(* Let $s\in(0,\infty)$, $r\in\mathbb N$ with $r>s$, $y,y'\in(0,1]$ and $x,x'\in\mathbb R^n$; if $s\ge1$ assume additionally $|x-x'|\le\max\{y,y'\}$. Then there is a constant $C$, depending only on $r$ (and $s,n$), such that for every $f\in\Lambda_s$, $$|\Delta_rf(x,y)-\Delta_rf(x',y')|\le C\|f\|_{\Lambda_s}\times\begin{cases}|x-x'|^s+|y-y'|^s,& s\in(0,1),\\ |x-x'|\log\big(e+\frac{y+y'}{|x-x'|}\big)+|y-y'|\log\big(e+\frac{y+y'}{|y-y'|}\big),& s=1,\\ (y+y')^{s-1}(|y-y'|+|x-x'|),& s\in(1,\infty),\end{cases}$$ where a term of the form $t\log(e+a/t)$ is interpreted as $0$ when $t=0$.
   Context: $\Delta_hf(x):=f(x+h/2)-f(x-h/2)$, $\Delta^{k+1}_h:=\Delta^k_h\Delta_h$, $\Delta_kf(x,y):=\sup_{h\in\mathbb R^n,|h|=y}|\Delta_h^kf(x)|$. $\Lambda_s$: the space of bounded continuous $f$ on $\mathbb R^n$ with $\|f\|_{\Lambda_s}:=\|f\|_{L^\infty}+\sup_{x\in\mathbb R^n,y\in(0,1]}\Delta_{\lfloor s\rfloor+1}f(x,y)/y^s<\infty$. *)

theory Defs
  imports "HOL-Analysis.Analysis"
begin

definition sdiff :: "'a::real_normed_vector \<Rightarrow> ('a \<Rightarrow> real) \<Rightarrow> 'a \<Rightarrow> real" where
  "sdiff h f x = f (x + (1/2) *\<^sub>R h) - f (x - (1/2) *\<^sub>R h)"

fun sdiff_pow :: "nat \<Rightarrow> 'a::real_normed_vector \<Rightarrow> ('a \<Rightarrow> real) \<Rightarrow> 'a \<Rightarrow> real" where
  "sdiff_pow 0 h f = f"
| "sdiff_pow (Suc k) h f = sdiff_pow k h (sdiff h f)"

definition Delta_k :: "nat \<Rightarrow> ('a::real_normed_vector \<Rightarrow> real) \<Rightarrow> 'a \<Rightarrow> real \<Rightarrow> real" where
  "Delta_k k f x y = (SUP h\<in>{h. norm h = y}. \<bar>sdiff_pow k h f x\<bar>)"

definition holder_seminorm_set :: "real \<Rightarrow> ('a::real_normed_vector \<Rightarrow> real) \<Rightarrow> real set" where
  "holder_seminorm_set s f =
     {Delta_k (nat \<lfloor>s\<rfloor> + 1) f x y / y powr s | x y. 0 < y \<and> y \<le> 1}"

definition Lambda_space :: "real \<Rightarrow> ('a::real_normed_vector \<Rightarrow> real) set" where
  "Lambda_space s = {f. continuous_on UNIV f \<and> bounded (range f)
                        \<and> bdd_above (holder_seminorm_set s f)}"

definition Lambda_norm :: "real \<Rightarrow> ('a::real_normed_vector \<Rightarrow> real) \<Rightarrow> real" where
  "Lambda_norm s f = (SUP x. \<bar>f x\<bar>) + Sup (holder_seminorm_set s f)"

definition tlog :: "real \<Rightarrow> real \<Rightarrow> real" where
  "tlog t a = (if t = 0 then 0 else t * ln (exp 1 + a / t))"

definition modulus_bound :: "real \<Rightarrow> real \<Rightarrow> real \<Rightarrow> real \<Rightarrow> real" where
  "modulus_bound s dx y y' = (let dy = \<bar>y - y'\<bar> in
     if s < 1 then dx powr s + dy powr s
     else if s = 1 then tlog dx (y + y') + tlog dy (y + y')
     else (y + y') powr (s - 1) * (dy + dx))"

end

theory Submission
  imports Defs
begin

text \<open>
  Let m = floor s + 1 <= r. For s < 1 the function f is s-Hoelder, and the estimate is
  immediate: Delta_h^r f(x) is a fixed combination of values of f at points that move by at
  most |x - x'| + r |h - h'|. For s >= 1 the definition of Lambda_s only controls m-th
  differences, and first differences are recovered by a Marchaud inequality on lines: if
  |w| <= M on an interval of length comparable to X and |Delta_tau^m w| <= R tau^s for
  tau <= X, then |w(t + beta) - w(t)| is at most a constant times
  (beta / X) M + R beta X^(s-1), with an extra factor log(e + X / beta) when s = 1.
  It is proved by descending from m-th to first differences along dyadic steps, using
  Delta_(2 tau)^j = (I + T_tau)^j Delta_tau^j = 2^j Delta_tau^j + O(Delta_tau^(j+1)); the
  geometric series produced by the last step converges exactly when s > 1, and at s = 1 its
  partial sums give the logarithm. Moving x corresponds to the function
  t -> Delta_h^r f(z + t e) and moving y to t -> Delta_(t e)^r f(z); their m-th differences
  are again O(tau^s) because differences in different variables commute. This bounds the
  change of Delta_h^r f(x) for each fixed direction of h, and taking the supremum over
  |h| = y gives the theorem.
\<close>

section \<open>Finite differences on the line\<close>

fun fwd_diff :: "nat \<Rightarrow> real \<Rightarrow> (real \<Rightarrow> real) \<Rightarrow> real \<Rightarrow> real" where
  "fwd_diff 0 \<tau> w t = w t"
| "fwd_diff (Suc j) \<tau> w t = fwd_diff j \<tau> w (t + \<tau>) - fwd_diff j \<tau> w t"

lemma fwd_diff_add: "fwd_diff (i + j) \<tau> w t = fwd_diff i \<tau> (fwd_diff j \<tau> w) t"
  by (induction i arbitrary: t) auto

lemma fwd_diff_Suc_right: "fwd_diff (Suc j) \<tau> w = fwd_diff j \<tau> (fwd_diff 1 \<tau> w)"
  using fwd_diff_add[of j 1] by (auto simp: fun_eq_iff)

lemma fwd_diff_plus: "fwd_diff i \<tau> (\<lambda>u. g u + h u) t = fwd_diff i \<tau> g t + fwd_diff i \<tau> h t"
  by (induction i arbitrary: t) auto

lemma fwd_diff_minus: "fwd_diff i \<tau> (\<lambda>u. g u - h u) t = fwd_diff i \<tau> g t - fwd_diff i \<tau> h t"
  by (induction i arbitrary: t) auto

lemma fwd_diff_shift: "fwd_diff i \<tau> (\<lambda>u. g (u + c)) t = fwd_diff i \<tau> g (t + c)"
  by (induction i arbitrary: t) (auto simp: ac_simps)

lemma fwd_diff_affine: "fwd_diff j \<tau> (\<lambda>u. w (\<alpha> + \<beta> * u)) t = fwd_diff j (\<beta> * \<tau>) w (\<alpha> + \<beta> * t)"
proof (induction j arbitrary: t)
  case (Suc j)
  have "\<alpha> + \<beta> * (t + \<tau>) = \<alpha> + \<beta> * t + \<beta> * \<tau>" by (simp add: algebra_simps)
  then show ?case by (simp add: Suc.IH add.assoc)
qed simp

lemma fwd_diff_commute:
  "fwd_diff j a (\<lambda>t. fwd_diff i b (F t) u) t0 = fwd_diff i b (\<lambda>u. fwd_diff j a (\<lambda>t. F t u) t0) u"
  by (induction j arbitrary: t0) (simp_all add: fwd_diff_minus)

· · · · · · ·

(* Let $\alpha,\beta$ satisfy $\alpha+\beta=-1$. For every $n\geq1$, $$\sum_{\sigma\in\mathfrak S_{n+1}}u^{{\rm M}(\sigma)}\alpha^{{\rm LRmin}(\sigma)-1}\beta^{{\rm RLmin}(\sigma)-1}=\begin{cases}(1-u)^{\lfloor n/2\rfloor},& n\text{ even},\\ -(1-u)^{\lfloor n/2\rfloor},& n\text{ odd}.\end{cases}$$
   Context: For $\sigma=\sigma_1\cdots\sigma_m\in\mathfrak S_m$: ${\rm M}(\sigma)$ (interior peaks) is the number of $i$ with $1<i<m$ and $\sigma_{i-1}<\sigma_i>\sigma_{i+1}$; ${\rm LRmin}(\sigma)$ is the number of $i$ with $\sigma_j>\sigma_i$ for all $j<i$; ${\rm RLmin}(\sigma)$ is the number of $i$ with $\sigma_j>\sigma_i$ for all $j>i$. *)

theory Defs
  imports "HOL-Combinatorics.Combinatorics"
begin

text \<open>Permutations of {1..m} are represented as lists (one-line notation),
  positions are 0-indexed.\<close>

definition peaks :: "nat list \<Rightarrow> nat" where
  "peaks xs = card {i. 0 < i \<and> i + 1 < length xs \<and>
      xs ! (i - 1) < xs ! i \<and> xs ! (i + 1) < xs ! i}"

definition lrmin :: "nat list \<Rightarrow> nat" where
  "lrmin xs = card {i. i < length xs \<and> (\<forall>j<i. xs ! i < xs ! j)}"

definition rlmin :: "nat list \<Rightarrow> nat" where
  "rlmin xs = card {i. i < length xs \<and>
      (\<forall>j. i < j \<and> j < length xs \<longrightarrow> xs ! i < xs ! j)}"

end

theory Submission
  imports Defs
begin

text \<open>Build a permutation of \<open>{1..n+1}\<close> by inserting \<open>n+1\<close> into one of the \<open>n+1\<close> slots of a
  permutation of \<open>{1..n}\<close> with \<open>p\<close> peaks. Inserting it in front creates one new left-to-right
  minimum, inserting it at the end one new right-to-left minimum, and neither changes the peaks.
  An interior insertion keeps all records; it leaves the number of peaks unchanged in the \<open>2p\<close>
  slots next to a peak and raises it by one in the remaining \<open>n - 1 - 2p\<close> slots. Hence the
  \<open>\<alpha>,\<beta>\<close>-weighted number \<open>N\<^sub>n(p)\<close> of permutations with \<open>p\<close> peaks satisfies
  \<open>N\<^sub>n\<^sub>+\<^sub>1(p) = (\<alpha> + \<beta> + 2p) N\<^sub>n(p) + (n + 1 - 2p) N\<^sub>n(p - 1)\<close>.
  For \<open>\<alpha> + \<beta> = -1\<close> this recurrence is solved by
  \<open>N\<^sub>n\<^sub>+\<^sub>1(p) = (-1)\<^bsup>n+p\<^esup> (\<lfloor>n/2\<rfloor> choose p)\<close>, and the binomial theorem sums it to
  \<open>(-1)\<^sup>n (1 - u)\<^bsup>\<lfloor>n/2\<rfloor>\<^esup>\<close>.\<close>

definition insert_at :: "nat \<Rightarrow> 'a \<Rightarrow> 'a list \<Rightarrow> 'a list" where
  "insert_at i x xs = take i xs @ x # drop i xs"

· · · · · · ·

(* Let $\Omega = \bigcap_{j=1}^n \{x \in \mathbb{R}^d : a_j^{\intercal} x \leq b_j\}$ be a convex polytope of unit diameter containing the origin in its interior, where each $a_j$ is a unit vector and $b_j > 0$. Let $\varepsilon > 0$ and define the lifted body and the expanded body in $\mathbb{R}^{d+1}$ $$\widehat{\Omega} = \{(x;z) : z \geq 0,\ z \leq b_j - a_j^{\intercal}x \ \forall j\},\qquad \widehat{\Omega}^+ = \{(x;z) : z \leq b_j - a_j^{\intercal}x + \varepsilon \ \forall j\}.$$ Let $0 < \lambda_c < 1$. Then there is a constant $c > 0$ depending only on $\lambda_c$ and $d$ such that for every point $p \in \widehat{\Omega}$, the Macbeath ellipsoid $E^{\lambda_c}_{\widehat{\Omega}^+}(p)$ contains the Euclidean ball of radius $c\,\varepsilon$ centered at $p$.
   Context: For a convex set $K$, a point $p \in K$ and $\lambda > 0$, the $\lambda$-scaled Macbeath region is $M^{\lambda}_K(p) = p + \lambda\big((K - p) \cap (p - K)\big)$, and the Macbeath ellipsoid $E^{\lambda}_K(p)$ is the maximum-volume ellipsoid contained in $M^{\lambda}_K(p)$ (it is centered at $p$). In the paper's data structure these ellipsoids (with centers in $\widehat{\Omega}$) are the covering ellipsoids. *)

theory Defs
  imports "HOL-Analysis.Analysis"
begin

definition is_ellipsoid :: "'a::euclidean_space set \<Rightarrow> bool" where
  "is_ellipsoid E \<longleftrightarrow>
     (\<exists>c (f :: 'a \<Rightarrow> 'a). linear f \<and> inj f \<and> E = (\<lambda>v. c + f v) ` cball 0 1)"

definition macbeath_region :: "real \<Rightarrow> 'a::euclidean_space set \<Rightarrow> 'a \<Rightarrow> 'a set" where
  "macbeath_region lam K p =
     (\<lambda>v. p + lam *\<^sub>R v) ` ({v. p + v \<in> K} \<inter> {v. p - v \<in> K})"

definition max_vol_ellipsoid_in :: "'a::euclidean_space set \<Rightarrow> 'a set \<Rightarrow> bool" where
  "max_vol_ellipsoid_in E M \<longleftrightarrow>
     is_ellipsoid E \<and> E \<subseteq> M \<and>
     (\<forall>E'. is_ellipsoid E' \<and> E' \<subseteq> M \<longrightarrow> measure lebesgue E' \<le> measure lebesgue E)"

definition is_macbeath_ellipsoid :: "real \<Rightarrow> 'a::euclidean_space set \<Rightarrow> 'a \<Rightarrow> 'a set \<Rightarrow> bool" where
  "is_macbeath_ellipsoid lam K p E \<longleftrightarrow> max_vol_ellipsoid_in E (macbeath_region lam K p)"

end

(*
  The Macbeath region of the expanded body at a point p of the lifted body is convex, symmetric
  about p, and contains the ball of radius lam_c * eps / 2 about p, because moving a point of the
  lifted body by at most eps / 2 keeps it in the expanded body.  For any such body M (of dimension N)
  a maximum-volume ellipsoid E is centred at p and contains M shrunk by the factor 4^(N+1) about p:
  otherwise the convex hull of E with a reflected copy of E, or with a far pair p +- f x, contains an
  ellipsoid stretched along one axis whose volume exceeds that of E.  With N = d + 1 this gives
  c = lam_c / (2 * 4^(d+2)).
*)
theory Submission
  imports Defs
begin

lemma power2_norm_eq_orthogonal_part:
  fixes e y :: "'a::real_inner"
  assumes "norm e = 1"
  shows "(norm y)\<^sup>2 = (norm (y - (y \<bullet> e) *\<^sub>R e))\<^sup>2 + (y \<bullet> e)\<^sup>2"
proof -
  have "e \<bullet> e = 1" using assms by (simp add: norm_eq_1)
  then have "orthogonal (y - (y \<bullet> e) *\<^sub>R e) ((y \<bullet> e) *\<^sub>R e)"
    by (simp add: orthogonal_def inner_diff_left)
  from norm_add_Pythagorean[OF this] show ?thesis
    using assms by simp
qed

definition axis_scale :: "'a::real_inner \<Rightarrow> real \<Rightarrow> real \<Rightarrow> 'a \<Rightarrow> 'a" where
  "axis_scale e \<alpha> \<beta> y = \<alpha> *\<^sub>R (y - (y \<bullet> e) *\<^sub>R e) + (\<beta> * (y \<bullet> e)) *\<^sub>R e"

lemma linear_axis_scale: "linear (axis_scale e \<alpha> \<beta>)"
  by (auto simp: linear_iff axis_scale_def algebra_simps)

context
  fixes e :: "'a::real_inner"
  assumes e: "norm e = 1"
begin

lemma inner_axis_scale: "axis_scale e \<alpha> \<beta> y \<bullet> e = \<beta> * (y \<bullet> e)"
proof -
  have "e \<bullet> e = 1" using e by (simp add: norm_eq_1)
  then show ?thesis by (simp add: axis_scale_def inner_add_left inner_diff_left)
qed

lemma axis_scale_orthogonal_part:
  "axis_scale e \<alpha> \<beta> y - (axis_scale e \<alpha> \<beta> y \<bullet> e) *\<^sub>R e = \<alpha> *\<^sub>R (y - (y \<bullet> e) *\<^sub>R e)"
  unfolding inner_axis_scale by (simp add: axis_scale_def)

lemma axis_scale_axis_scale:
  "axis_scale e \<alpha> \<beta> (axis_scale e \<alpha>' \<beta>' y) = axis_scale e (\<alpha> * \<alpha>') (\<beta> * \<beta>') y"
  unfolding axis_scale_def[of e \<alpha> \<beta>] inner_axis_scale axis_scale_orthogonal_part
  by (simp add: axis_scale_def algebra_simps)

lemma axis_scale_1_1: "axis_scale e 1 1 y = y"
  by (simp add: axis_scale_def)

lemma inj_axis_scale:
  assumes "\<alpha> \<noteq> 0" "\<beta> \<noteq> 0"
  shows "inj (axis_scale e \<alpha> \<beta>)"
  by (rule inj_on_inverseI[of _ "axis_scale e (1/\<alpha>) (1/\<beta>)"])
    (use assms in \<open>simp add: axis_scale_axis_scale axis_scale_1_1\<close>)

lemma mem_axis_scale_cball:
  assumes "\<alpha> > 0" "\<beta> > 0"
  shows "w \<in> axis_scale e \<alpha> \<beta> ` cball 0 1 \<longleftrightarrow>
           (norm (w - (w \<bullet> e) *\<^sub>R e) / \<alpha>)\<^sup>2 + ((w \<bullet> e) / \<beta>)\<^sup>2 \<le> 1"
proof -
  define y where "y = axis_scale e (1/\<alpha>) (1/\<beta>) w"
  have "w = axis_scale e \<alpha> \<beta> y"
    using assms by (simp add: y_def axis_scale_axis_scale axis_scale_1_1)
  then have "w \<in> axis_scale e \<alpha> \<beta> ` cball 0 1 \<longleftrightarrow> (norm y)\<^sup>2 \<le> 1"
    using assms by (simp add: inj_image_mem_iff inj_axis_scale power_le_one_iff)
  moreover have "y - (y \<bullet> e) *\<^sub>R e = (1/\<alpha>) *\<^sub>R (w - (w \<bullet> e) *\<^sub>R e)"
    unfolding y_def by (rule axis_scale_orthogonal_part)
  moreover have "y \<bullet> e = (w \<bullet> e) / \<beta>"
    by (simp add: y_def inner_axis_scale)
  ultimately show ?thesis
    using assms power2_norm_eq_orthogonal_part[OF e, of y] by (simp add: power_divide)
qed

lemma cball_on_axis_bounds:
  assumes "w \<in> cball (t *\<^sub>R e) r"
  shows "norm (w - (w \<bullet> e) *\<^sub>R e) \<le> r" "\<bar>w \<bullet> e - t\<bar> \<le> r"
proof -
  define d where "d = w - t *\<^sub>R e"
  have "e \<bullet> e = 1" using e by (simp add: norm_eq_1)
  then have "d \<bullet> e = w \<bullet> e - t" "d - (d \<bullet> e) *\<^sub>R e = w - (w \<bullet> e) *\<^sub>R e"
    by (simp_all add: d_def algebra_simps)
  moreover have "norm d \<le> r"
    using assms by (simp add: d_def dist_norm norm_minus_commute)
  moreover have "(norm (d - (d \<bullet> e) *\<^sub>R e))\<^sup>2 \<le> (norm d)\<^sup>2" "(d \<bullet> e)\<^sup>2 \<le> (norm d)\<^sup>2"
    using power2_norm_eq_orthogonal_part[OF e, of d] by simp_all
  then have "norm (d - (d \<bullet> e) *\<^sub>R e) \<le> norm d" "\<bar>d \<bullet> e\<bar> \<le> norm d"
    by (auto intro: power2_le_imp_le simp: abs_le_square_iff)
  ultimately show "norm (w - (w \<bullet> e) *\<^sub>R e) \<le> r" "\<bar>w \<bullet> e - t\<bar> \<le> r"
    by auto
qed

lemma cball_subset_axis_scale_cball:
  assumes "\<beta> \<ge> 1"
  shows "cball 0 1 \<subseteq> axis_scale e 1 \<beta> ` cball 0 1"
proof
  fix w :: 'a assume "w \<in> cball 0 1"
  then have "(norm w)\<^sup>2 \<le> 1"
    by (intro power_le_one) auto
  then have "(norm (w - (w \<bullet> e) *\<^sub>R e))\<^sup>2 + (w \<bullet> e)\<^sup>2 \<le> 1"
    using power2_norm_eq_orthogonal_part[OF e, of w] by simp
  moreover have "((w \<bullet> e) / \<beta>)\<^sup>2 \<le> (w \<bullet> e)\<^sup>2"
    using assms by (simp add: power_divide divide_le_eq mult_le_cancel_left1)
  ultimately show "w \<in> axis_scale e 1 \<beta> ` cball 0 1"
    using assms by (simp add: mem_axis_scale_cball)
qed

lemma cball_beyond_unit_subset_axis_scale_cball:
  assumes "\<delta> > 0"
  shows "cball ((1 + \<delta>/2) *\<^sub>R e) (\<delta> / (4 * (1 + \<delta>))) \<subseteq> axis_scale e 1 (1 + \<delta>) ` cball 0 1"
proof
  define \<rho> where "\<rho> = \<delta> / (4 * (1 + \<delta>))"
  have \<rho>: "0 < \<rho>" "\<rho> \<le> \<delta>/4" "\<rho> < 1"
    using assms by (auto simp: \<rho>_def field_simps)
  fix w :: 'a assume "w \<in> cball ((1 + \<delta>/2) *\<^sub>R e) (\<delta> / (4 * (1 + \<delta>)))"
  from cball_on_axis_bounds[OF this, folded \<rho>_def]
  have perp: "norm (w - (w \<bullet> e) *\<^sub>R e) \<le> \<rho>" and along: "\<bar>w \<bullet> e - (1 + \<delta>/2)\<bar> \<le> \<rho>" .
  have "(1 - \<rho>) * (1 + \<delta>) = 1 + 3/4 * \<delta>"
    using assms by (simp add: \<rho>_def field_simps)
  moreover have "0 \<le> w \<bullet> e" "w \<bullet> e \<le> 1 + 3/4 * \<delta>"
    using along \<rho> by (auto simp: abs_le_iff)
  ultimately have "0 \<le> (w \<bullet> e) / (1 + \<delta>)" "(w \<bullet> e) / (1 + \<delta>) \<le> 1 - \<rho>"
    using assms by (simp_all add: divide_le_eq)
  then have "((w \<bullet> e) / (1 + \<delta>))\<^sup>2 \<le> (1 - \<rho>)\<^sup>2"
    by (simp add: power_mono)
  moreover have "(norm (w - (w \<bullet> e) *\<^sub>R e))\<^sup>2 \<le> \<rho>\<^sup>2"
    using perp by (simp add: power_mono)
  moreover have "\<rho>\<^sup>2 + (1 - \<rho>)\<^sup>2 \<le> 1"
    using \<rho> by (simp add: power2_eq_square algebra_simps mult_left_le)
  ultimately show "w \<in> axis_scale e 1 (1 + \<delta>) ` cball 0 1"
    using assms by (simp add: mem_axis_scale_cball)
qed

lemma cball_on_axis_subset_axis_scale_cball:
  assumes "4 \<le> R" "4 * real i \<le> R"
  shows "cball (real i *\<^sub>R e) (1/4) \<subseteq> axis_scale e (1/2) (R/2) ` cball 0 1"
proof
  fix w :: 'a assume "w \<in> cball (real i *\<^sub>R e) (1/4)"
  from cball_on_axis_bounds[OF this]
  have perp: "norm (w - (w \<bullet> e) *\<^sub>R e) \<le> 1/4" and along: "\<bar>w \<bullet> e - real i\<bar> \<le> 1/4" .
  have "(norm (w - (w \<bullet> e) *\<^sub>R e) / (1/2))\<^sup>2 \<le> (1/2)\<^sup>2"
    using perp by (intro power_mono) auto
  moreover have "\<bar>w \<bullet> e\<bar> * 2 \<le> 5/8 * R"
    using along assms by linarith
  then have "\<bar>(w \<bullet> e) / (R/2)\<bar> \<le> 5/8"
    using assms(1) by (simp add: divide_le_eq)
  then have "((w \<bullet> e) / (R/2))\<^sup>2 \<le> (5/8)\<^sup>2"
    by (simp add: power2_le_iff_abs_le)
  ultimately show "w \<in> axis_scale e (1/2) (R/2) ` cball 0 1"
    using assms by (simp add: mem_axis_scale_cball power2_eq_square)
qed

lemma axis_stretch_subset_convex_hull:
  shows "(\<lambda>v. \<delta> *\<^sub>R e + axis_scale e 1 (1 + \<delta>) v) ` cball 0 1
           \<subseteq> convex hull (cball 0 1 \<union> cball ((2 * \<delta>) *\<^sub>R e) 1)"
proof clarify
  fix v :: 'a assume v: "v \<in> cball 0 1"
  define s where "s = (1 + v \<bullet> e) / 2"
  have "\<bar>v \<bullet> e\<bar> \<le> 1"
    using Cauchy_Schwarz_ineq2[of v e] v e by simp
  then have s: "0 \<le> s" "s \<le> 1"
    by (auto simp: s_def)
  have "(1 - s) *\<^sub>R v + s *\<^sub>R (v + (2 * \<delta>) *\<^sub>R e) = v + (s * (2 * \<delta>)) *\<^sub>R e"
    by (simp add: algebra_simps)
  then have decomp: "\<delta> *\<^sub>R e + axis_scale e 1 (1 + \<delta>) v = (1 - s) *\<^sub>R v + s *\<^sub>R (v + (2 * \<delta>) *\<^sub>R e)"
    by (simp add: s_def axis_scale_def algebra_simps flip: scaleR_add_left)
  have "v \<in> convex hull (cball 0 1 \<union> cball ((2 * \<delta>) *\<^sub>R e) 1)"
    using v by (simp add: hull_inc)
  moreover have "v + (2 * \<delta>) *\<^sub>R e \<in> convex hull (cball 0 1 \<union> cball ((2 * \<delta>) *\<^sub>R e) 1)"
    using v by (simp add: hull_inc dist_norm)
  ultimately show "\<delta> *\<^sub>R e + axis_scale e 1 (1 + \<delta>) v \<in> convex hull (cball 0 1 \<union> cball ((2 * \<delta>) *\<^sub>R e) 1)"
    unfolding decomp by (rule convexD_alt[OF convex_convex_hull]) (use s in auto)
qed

· · · · · · ·

● Description of the task:
Once you reach the line with "e \<le> 1 + 3/4" in the data above, copy it and every line after it exactly, up to and including the line with "(w \<bullet> e) *\<^sub>R e))\<^sup>2 \<le>".

● Reply to the task:
  moreover have "0 \<le> w \<bullet> e" "w \<bullet> e \<le> 1 + 3/4 * \<delta>"
    using along \<rho> by (auto simp: abs_le_iff)
  ultimately have "0 \<le> (w \<bullet> e) / (1 + \<delta>)" "(w \<bullet> e) / (1 + \<delta>) \<le> 1 - \<rho>"
    using assms by (simp_all add: divide_le_eq)
  then have "((w \<bullet> e) / (1 + \<delta>))\<^sup>2 \<le> (1 - \<rho>)\<^sup>2"
    by (simp add: power_mono)
  moreover have "(norm (w - (w \<bullet> e) *\<^sub>R e))\<^sup>2 \<le> \<rho>\<^sup>2"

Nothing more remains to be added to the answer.